Soldato
- Joined
- 17 Jun 2012
- Posts
- 5,951
Any idea if we're likely to see something similar to the Nano from NV? Or you reckon they see it as too much of a niche market to bother?
Please remember that any mention of competitors, hinting at competitors or offering to provide details of competitors will result in an account suspension. The full rules can be found under the 'Terms and Rules' link in the bottom right corner of your screen. Just don't mention competitors in any way, shape or form and you'll be OK.
There are ITX 970s, and most ITX cases will happily take a full 980, even 980ti in some. Way too much of a niche product, but I expect with HBM2 some broad partners might do an ITX version, because they can.

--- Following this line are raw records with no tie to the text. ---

lemma Lmin_factor_common_extension:
  assumes "l \<in> Mor" "m \<in> Mor" "a \<in> Mor" "b \<in> Mor" "s l = r a" "s m = r b" "l \<cdot> a = m \<cdot> b"
  obtains \<alpha> \<beta> e where "(\<alpha>, \<beta>) \<in> \<Lambda>min l m" "e \<in> Mor" "s \<alpha> = r e" "s \<beta> = r e"
    "a = \<alpha> \<cdot> e" "b = \<beta> \<cdot> e"
proof -
  define j where "j i = max (d l i) (d m i)" for i
  have la_Mor: "l \<cdot> a \<in> Mor"
    using assms(1,3,5) by simp
  have d_la: "d (l \<cdot> a) i = d l i + d a i" and d_mb: "d (m \<cdot> b) i = d m i + d b i" for i
    using assms(1-6) by simp_all
  have "d (l \<cdot> a) i = j i + (d (l \<cdot> a) i - j i)" for i
    using d_la[of i] d_mb[of i] assms(7) by (auto simp: j_def max_def)
  then obtain \<rho> \<tau> where \<rho>\<tau>: "\<rho> \<in> Mor" "\<tau> \<in> Mor" "s \<rho> = r \<tau>" "d \<rho> = j" "l \<cdot> a = \<rho> \<cdot> \<tau>"
    by (rule factorization_exists[OF la_Mor])
  have "d \<rho> i = d l i + (j i - d l i)" "d \<rho> i = d m i + (j i - d m i)" for i
    using \<rho>\<tau>(4) by (auto simp: j_def)
  obtain l' a' where la: "l' \<in> Mor" "a' \<in> Mor" "s l' = r a'" "d l' = d l" "\<rho> = l' \<cdot> a'"
    by (rule factorization_exists[OF \<rho>\<tau>(1) \<open>\<And>i. d \<rho> i = d l i + (j i - d l i)\<close>])
  obtain m' b' where mb: "m' \<in> Mor" "b' \<in> Mor" "s m' = r b'" "d m' = d m" "\<rho> = m' \<cdot> b'"
    by (rule factorization_exists[OF \<rho>\<tau>(1) \<open>\<And>i. d \<rho> i = d m i + (j i - d m i)\<close>])
  have sa': "s a' = r \<tau>"
    using \<rho>\<tau>(3) la(1-3) by (simp add: la(5))
  have sb': "s b' = r \<tau>"
    using \<rho>\<tau>(3) mb(1-3) by (simp add: mb(5))
  have "l' \<cdot> a' \<cdot> \<tau> = l \<cdot> a"
    using comp_assoc[OF la(1,2) \<rho>\<tau>(2) la(3) sa'] la(5) \<rho>\<tau>(5) by simp
  then have "l' = l" and a: "a' \<cdot> \<tau> = a"
    using factorization_unique[of l' "a' \<cdot> \<tau>" l a] la(1-4) \<rho>\<tau>(2) sa' assms(1,3,5) by simp_all
  have "m' \<cdot> b' \<cdot> \<tau> = m \<cdot> b"
    using comp_assoc[OF mb(1,2) \<rho>\<tau>(2) mb(3) sb'] mb(5) \<rho>\<tau>(5) assms(7) by simp
  then have "m' = m" and b: "b' \<cdot> \<tau> = b"
    using factorization_unique[of m' "b' \<cdot> \<tau>" m b] mb(1-4) \<rho>\<tau>(2) sb' assms(2,4,6) by simp_all
  have "d (l \<cdot> a') = (\<lambda>i. max (d l i) (d m i))"
    using \<rho>\<tau>(4) la(5) \<open>l' = l\<close> by (simp add: j_def fun_eq_iff)
  then have "(a', b') \<in> \<Lambda>min l m"
    unfolding Lmin_def using la mb \<open>l' = l\<close> \<open>m' = m\<close> by auto
  then show thesis
    using that[OF _ \<rho>\<tau>(2) sa' sb' a[symmetric] b[symmetric]] by simp
qed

Yet 2 of those you listed will loose to the nano. I would say the Nano is the most exciting piece in AMDs lineup of Fury products..
If by loose you say slower but if you are buying a Nano you are likely more concerned with size than speed, otherwise you would buy a 980Ti. Sure the Nano is small AND fast, but that is a pretty niche market. And the 970 is also vastly cheaper. If you want the fastest card in the smallest space then the a nano is unique.
The nano probably is the most interesting Fury product, but they are all pretty lack luster or failed to deliver.
before the Nano ppl basicaly didnt have a choice, small form factor ment lower perf, i can't really call it niche market anymore with the price drop to £350, just makes it a small high end card with performance between 980 & 980Ti.
the Nano is about 20 to 30% faster than a 970 Mini and the difference goes up as resolution increases, thats hell of a perfomance difference for £100 price difference.
Nano could have been and still can be a killer card if AMD let partners play around with it
It's niche because anything microITx is already niche, and those that actually care about performance in a tiny box is even more niche.
That doesn't make it a bad idea, I think the nano is fantastic but it is never going to sell well. If nvidia thought they were loosing truckloads of cash to the nano they would just release a micro ITX 980 with a reasonable clock. Yeah, it won't quite hit the power-performance but will be close.
Anyway, I think with HBM2 there will be more choices in the future.
If by loose you say slower but if you are buying a Nano you are likely more concerned with size than speed, otherwise you would buy a 980Ti. Sure the Nano is small AND fast, but that is a pretty niche market. And the 970 is also vastly cheaper. If you want the fastest card in the smallest space then the a nano is unique.
The nano probably is the most interesting Fury product, but they are all pretty lack luster or failed to deliver.